• _YOUR INSTRUCTIONS_:
Only a number is expected: the count of lines in the listing where "also" occurs.

• _DATA RECORDS_:
lemma sum_aff_conv:
  fixes A :: "('a::{finite,field} \<times> 'a) set"
  assumes "A \<subseteq> carrier Aff"
  shows "(\<Sum>x\<in>UNIV. aff_conv A f x) = real (card A) * (\<Sum>x\<in>UNIV. f x)"
proof -
  have "(\<Sum>x\<in>UNIV. aff_conv A f x) = (\<Sum>a\<in>A. \<Sum>x\<in>UNIV. f (aff_app a x))"
    unfolding aff_conv_def by (rule sum.swap)
  also have "\<dots> = (\<Sum>a\<in>A. \<Sum>x\<in>UNIV. f x)"
    using assms by (intro sum.cong refl sum_aff_app_reindex) (auto simp: carrier_Aff)
  finally show ?thesis
    by simp
qed

lemma aff_conv_diff_const:
  "finite A \<Longrightarrow> aff_conv A (\<lambda>x. f x - c) x = aff_conv A f x - real (card A) * c"
  by (simp add: aff_conv_def sum_subtractf)

lemma aff_conv_eq_sum_aff_count:
  fixes A :: "('a::{finite,field} \<times> 'a) set"
  shows "aff_conv A f x = (\<Sum>y\<in>UNIV. aff_count A x y * f y)"
proof -
  have "(\<Sum>y\<in>UNIV. aff_count A x y * f y) = (\<Sum>y\<in>UNIV. \<Sum>a\<in>A. of_bool (aff_app a x = y) * f y)"
    by (simp only: aff_count_def sum_distrib_right)
  also have "\<dots> = (\<Sum>a\<in>A. \<Sum>y\<in>UNIV. of_bool (aff_app a x = y) * f y)"
    by (rule sum.swap)
  finally show ?thesis
    by (simp add: aff_conv_def)
qed

lemma card_aff_app_agree_le_1:
  fixes a b :: "'a::field \<times> 'a"
  assumes "a \<noteq> b"
  shows "card {x. aff_app a x = aff_app b x} \<le> 1"
proof -
  have "{x. aff_app a x = aff_app b x} \<subseteq> {(snd b - snd a) / (fst a - fst b)}"
  proof
    fix x
    assume "x \<in> {x. aff_app a x = aff_app b x}"
    then have eq: "fst a * x + snd a = fst b * x + snd b"
      by (simp add: aff_app_def)
    then have "fst a \<noteq> fst b"
      using assms by (auto simp: prod_eq_iff)
    with eq show "x \<in> {(snd b - snd a) / (fst a - fst b)}"
      by (simp add: field_simps)
  qed
  then have "card {x. aff_app a x = aff_app b x} \<le> card {(snd b - snd a) / (fst a - fst b)}"
    by (rule card_mono[rotated]) simp
  then show ?thesis
    by simp
qed
(* Let $\mathbf X=(X_1,\dots,X_r)$ have the UGAT distribution with parameters $n,k,\beta,\overline{\alpha}_r$, with hazard rate components $h_i$ as defined below. Abbreviate $M(\gamma)=M^{(r)}_n(\gamma;k;\overline{\alpha}_r)$, and for $\mathbf x,\mathbf t\in\mathbb N_0^r$ write $X_{\mathbf x}=x_1+\cdots+x_r$, $X'_{\mathbf x}=X_{\mathbf x}+1$ and $T_{\mathbf t}=t_1+\cdots+t_r$. Then the UGAT distribution is MIFR if and only if for all $\mathbf x,\mathbf t\in\mathbb N_0^r$ $$\frac{M(\beta+X'_{\mathbf x}+T_{\mathbf t})}{M(\beta+X_{\mathbf x}+T_{\mathbf t})}\le\frac{M(\beta+X'_{\mathbf x})}{M(\beta+X_{\mathbf x})},$$ and it is MDFR if and only if the reverse inequality $\ge$ holds for all $\mathbf x,\mathbf t\in\mathbb N_0^r$.
   Context: Fix integers $r\ge1$, $n\ge0$, a real number $k$ with $rk>n$, a real $\beta>0$ and $\overline{\alpha}_r=(\alpha_0,\dots,\alpha_{r-1})\in(0,\infty)^r$. For $\gamma>0$ and a vector $\overline{\alpha}'=(\alpha'_0,\dots,\alpha'_{r-1})$ of positive reals define $$M^{(r)}_n(\gamma;k;\overline{\alpha}')=C\sum_{\ell_1,\dots,\ell_r=0}^{\infty}\frac{(\alpha'_0)^{\ell_1}(\alpha'_1)^{\ell_2}\cdots(\alpha'_{r-1})^{\ell_r}}{(\ell_1+\cdots+\ell_r+\gamma)^{rk-n}},\qquad C=\frac{(-1)^r2^{r(1-k)}n!}{(n-rk)!},$$ where $C$ is regarded as a fixed nonzero real constant not depending on $\gamma$ or $\overline{\alpha}'$, and the parameters are assumed to be such that all series involved converge (e.g. all $\alpha_j<1$). A random vector $\mathbf X=(X_1,\dots,X_r)$ with values in $\mathbb N_0^r$ has the UGAT distribution with parameters $n,k,\beta,\overline{\alpha}_r$ if for all $x_1,\dots,x_r\in\mathbb N_0$ $$P(X_1=x_1,\dots,X_r=x_r)=\frac{C\,\alpha_0^{x_1}\alpha_1^{x_2}\cdots\alpha_{r-1}^{x_r}}{(x_1+\cdots+x_r+\beta)^{rk-n}\,M^{(r)}_n(\beta;k;\overline{\alpha}_r)}.$$ With $R(x_1,\dots,x_r)=P(X_1\ge x_1,\dots,X_r\ge x_r)$, the hazard rate components are $h_i(\mathbf x)=1-R(x_1,\dots,x_i+1,\dots,x_r)/R(x_1,\dots,x_r)$, $i=1,\dots,r$. The distribution is MIFR (multivariate increasing failure rate) if $h_i(\mathbf x+\mathbf t)\ge h_i(\mathbf x)$ for all $i$ and all $\mathbf x,\mathbf t\in\mathbb N_0^r$, and MDFR (multivariate decreasing failure rate) if $h_i(\mathbf x+\mathbf t)\le h_i(\mathbf x)$ for all $i$ and all $\mathbf x,\mathbf t\in\mathbb N_0^r$. *)

theory Defs
  imports "HOL-Analysis.Analysis"
begin

text \<open>Vectors in N_0^r are modelled as nat^'r with r = CARD('r) (so r >= 1 automatically).
  The parameter vector (alpha_0,...,alpha_{r-1}) is a real^'r.  The constant C is a parameter.\<close>

definition vsum :: "nat^'r::finite \<Rightarrow> nat" where
  "vsum x = (\<Sum>j\<in>UNIV. x $ j)"

definition ugat_term :: "real \<Rightarrow> nat \<Rightarrow> real \<Rightarrow> real^'r::finite \<Rightarrow> nat^'r \<Rightarrow> real" where
  "ugat_term k n \<gamma> \<alpha>' l =
     (\<Prod>j\<in>UNIV. (\<alpha>' $ j) ^ (l $ j)) / (real (vsum l) + \<gamma>) powr (real CARD('r) * k - real n)"

text \<open>M^{(r)}_n(gamma;k;alpha') including the constant C.\<close>
definition ugat_M :: "real \<Rightarrow> nat \<Rightarrow> real \<Rightarrow> real \<Rightarrow> real^'r::finite \<Rightarrow> real" where
  "ugat_M C n k \<gamma> \<alpha>' = C * (\<Sum>\<^sub>\<infinity>l\<in>(UNIV :: (nat^'r) set). ugat_term k n \<gamma> \<alpha>' l)"

definition ugat_pmf :: "real \<Rightarrow> nat \<Rightarrow> real \<Rightarrow> real \<Rightarrow> real^'r::finite \<Rightarrow> nat^'r \<Rightarrow> real" where
  "ugat_pmf C n k \<beta> \<alpha> x = C * ugat_term k n \<beta> \<alpha> x / ugat_M C n k \<beta> \<alpha>"

definition ugat_R :: "real \<Rightarrow> nat \<Rightarrow> real \<Rightarrow> real \<Rightarrow> real^'r::finite \<Rightarrow> nat^'r \<Rightarrow> real" where
  "ugat_R C n k \<beta> \<alpha> x = (\<Sum>\<^sub>\<infinity>y\<in>{y. \<forall>j. x $ j \<le> y $ j}. ugat_pmf C n k \<beta> \<alpha> y)"

definition incr_at :: "'r::finite \<Rightarrow> nat^'r \<Rightarrow> nat^'r" where
  "incr_at i x = (\<chi> j. if j = i then x $ j + 1 else x $ j)"

definition ugat_h :: "real \<Rightarrow> nat \<Rightarrow> real \<Rightarrow> real \<Rightarrow> real^'r::finite \<Rightarrow> 'r \<Rightarrow> nat^'r \<Rightarrow> real" where
  "ugat_h C n k \<beta> \<alpha> i x = 1 - ugat_R C n k \<beta> \<alpha> (incr_at i x) / ugat_R C n k \<beta> \<alpha> x"

definition MIFR :: "('r::finite \<Rightarrow> nat^'r \<Rightarrow> real) \<Rightarrow> bool" where
  "MIFR h \<longleftrightarrow> (\<forall>i x t. h i (x + t) \<ge> h i x)"

definition MDFR :: "('r::finite \<Rightarrow> nat^'r \<Rightarrow> real) \<Rightarrow> bool" where
  "MDFR h \<longleftrightarrow> (\<forall>i x t. h i (x + t) \<le> h i x)"

end

theory Submission
  imports Defs
begin

text \<open>Shifting the summation index by \<open>x\<close> gives
  \<open>R(x) = \<alpha>\<^sup>x M(\<beta> + X\<^sub>x) / M(\<beta>)\<close>, so
  \<open>h\<^sub>i(x) = 1 - \<alpha>\<^sub>i M(\<beta> + X\<^sub>x + 1) / M(\<beta> + X\<^sub>x)\<close>
  depends on \<open>x\<close> only through \<open>X\<^sub>x\<close>, and \<open>X\<^sub>x\<^sub>+\<^sub>t = X\<^sub>x + T\<^sub>t\<close>.
  Since \<open>\<alpha>\<^sub>i > 0\<close>, each \<open>h\<^sub>i\<close> increases (decreases) along
  \<open>x \<mapsto> x + t\<close> exactly when the ratio \<open>M(\<gamma> + 1) / M(\<gamma>)\<close> decreases (increases).\<close>

definition multi_power :: "real^'r::finite \<Rightarrow> nat^'r \<Rightarrow> real" where
  "multi_power \<alpha> x = (\<Prod>j\<in>UNIV. \<alpha> $ j ^ x $ j)"

lemma vsum_add: "vsum (x + y) = vsum x + vsum y"
  by (simp add: vsum_def sum.distrib)

lemma vsum_incr_at: "vsum (incr_at i x) = vsum x + 1"
proof -
  have "vsum (incr_at i x) = (\<Sum>j\<in>UNIV. x $ j + (if j = i then 1 else 0))"
    unfolding vsum_def incr_at_def by (intro sum.cong) auto
  then show ?thesis
    by (simp add: sum.distrib vsum_def)
qed

lemma multi_power_add: "multi_power \<alpha> (x + y) = multi_power \<alpha> x * multi_power \<alpha> y"
  by (simp add: multi_power_def power_add prod.distrib)

lemma multi_power_incr_at: "multi_power \<alpha> (incr_at i x) = \<alpha> $ i * multi_power \<alpha> x"
proof -
  have "multi_power \<alpha> (incr_at i x) = (\<Prod>j\<in>UNIV. \<alpha> $ j ^ x $ j * (if j = i then \<alpha> $ j else 1))"
    unfolding multi_power_def incr_at_def by (intro prod.cong) auto
  then show ?thesis
    by (simp add: prod.distrib multi_power_def)
qed

lemma multi_power_pos: "(\<And>j. \<alpha> $ j > 0) \<Longrightarrow> multi_power \<alpha> x > 0"
  unfolding multi_power_def by (intro prod_pos) auto

lemma infsum_pos:
  fixes f :: "'a \<Rightarrow> real"
  assumes "f summable_on A" and "\<And>x. x \<in> A \<Longrightarrow> f x > 0" and "a \<in> A"
  shows "infsum f A > 0"
proof (rule ccontr)
  assume "\<not> infsum f A > 0"
  then have "f a = 0"
    using assms by (intro nonneg_infsum_le_0D[of f A]) (auto intro: less_imp_le)
  with assms show False
    by (metis less_irrefl)
qed

lemma ugat_term_eq:
  "ugat_term k n \<gamma> \<alpha> l = multi_power \<alpha> l / (real (vsum l) + \<gamma>) powr (real CARD('r) * k - real n)"
  for l :: "nat^'r::finite"
  by (simp add: ugat_term_def multi_power_def)

lemma ugat_term_pos:
  assumes "\<And>j. \<alpha> $ j > 0" and "\<gamma> > 0"
  shows "ugat_term k n \<gamma> \<alpha> l > 0"
  using assms by (simp add: ugat_term_eq multi_power_pos)

lemma ugat_term_add:
  "ugat_term k n \<beta> \<alpha> (x + l) = multi_power \<alpha> x * ugat_term k n (\<beta> + real (vsum x)) \<alpha> l"
proof -
  have "real (vsum (x + l)) + \<beta> = real (vsum l) + (\<beta> + real (vsum x))"
    by (simp add: vsum_add)
  then show ?thesis
    by (simp add: ugat_term_eq multi_power_add add_ac)
qed

lemma ugat_M_nonzero:
  assumes "C \<noteq> 0" and "\<And>j. \<alpha> $ j > 0" and "\<gamma> > 0"
    and "ugat_term k n \<gamma> \<alpha> summable_on (UNIV :: (nat^'r::finite) set)"
  shows "ugat_M C n k \<gamma> (\<alpha> :: real^'r) \<noteq> 0"
proof -
  have "(\<Sum>\<^sub>\<infinity>l\<in>(UNIV :: (nat^'r) set). ugat_term k n \<gamma> \<alpha> l) > 0"
    using assms(4) by (rule infsum_pos) (auto intro: ugat_term_pos assms(2,3))
  with assms(1) show ?thesis
    by (simp add: ugat_M_def)
qed

lemma range_vec_add_nat: "range ((+) x) = {y :: nat^'r::finite. \<forall>j. x $ j \<le> y $ j}"
proof (intro set_eqI iffI)
  fix y :: "nat^'r"
  assume "y \<in> {y. \<forall>j. x $ j \<le> y $ j}"
  then have "y = x + (\<chi> j. y $ j - x $ j)"
    by (simp add: vec_eq_iff)
  then show "y \<in> range ((+) x)"
    by blast
qed auto

lemma ugat_R_eq:
  "ugat_R C n k \<beta> \<alpha> x = multi_power \<alpha> x * ugat_M C n k (\<beta> + real (vsum x)) \<alpha> / ugat_M C n k \<beta> \<alpha>"
proof -
  have "ugat_R C n k \<beta> \<alpha> x = (\<Sum>\<^sub>\<infinity>l\<in>UNIV. ugat_pmf C n k \<beta> \<alpha> (x + l))"
    unfolding ugat_R_def range_vec_add_nat[symmetric]
    by (simp add: infsum_reindex inj_on_def o_def)
  also have "\<dots> = (\<Sum>\<^sub>\<infinity>l\<in>UNIV. multi_power \<alpha> x * C / ugat_M C n k \<beta> \<alpha>
                                   * ugat_term k n (\<beta> + real (vsum x)) \<alpha> l)"
    by (simp add: ugat_pmf_def ugat_term_add mult_ac)
  also have "\<dots> = multi_power \<alpha> x * ugat_M C n k (\<beta> + real (vsum x)) \<alpha> / ugat_M C n k \<beta> \<alpha>"
    by (simp add: infsum_cmult_right' ugat_M_def)
  finally show ?thesis .
qed

lemma ugat_h_eq:
  assumes "C \<noteq> 0" and "\<beta> > 0" and "\<And>j. \<alpha> $ j > 0"
    and "\<And>\<gamma>. \<gamma> > 0 \<Longrightarrow> ugat_term k n \<gamma> \<alpha> summable_on (UNIV :: (nat^'r::finite) set)"
  shows "ugat_h C n k \<beta> (\<alpha> :: real^'r) i x
           = 1 - \<alpha> $ i * (ugat_M C n k (\<beta> + real (vsum x + 1)) \<alpha> / ugat_M C n k (\<beta> + real (vsum x)) \<alpha>)"
proof -
  have "multi_power \<alpha> x > 0"
    using assms(3) by (rule multi_power_pos)
  moreover have "ugat_M C n k \<gamma> \<alpha> \<noteq> 0" if "\<gamma> > 0" for \<gamma>
    using ugat_M_nonzero[OF assms(1,3) that assms(4)[OF that]] .
  ultimately show ?thesis
    unfolding ugat_h_def ugat_R_eq multi_power_incr_at vsum_incr_at
    using assms(2) by (simp add: field_simps)
qed

lemma MIFR_iff_antitone:
  assumes "\<And>i x. h i x = 1 - c i * q x" and "\<And>i. c i > 0"
  shows "MIFR h \<longleftrightarrow> (\<forall>x t. q (x + t) \<le> q x)"
proof -
  have "h i (x + t) \<ge> h i x \<longleftrightarrow> q (x + t) \<le> q x" for i x t
    using assms(2)[of i] by (simp add: assms(1))
  then show ?thesis
    unfolding MIFR_def by blast
qed

lemma MDFR_iff_monotone:
  assumes "\<And>i x. h i x = 1 - c i * q x" and "\<And>i. c i > 0"
  shows "MDFR h \<longleftrightarrow> (\<forall>x t. q x \<le> q (x + t))"
proof -
  have "h i (x + t) \<le> h i x \<longleftrightarrow> q x \<le> q (x + t)" for i x t
    using assms(2)[of i] by (simp add: assms(1))
  then show ?thesis
    unfolding MDFR_def by blast
qed

theorem mainTheorem10:
  fixes C k \<beta> :: real and n :: nat and \<alpha> :: "real^'r::finite"
  assumes "C \<noteq> 0"
    and "real CARD('r) * k > real n"
    and "\<beta> > 0"
    and "\<forall>j. \<alpha> $ j > 0"
    and "\<forall>\<gamma>>0. ugat_term k n \<gamma> \<alpha> summable_on (UNIV :: (nat^'r) set)"
  shows "(MIFR (ugat_h C n k \<beta> \<alpha>) \<longleftrightarrow>
            (\<forall>(x::nat^'r) (t::nat^'r).
               ugat_M C n k (\<beta> + real (vsum x + 1 + vsum t)) \<alpha> / ugat_M C n k (\<beta> + real (vsum x + vsum t)) \<alpha>
               \<le> ugat_M C n k (\<beta> + real (vsum x + 1)) \<alpha> / ugat_M C n k (\<beta> + real (vsum x)) \<alpha>))
       \<and> (MDFR (ugat_h C n k \<beta> \<alpha>) \<longleftrightarrow>
            (\<forall>(x::nat^'r) (t::nat^'r).
               ugat_M C n k (\<beta> + real (vsum x + 1 + vsum t)) \<alpha> / ugat_M C n k (\<beta> + real (vsum x + vsum t)) \<alpha>
               \<ge> ugat_M C n k (\<beta> + real (vsum x + 1)) \<alpha> / ugat_M C n k (\<beta> + real (vsum x)) \<alpha>))"
proof -
  define q where "q x = ugat_M C n k (\<beta> + real (vsum x + 1)) \<alpha> / ugat_M C n k (\<beta> + real (vsum x)) \<alpha>"
    for x :: "nat^'r"
  have h: "ugat_h C n k \<beta> \<alpha> i x = 1 - \<alpha> $ i * q x" for i x
    unfolding q_def using assms(1,3-5) by (intro ugat_h_eq) auto
  have shifted: "ugat_M C n k (\<beta> + real (vsum x + 1 + vsum t)) \<alpha>
                 / ugat_M C n k (\<beta> + real (vsum x + vsum t)) \<alpha> = q (x + t)" for x t
    by (simp add: q_def vsum_add add_ac)
  show ?thesis
    unfolding shifted q_def[symmetric]
    using MIFR_iff_antitone[of _ "\<lambda>i. \<alpha> $ i", OF h] MDFR_iff_monotone[of _ "\<lambda>i. \<alpha> $ i", OF h] assms(4)
    by simp
qed

end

• _WRITTEN ANSWER_:
4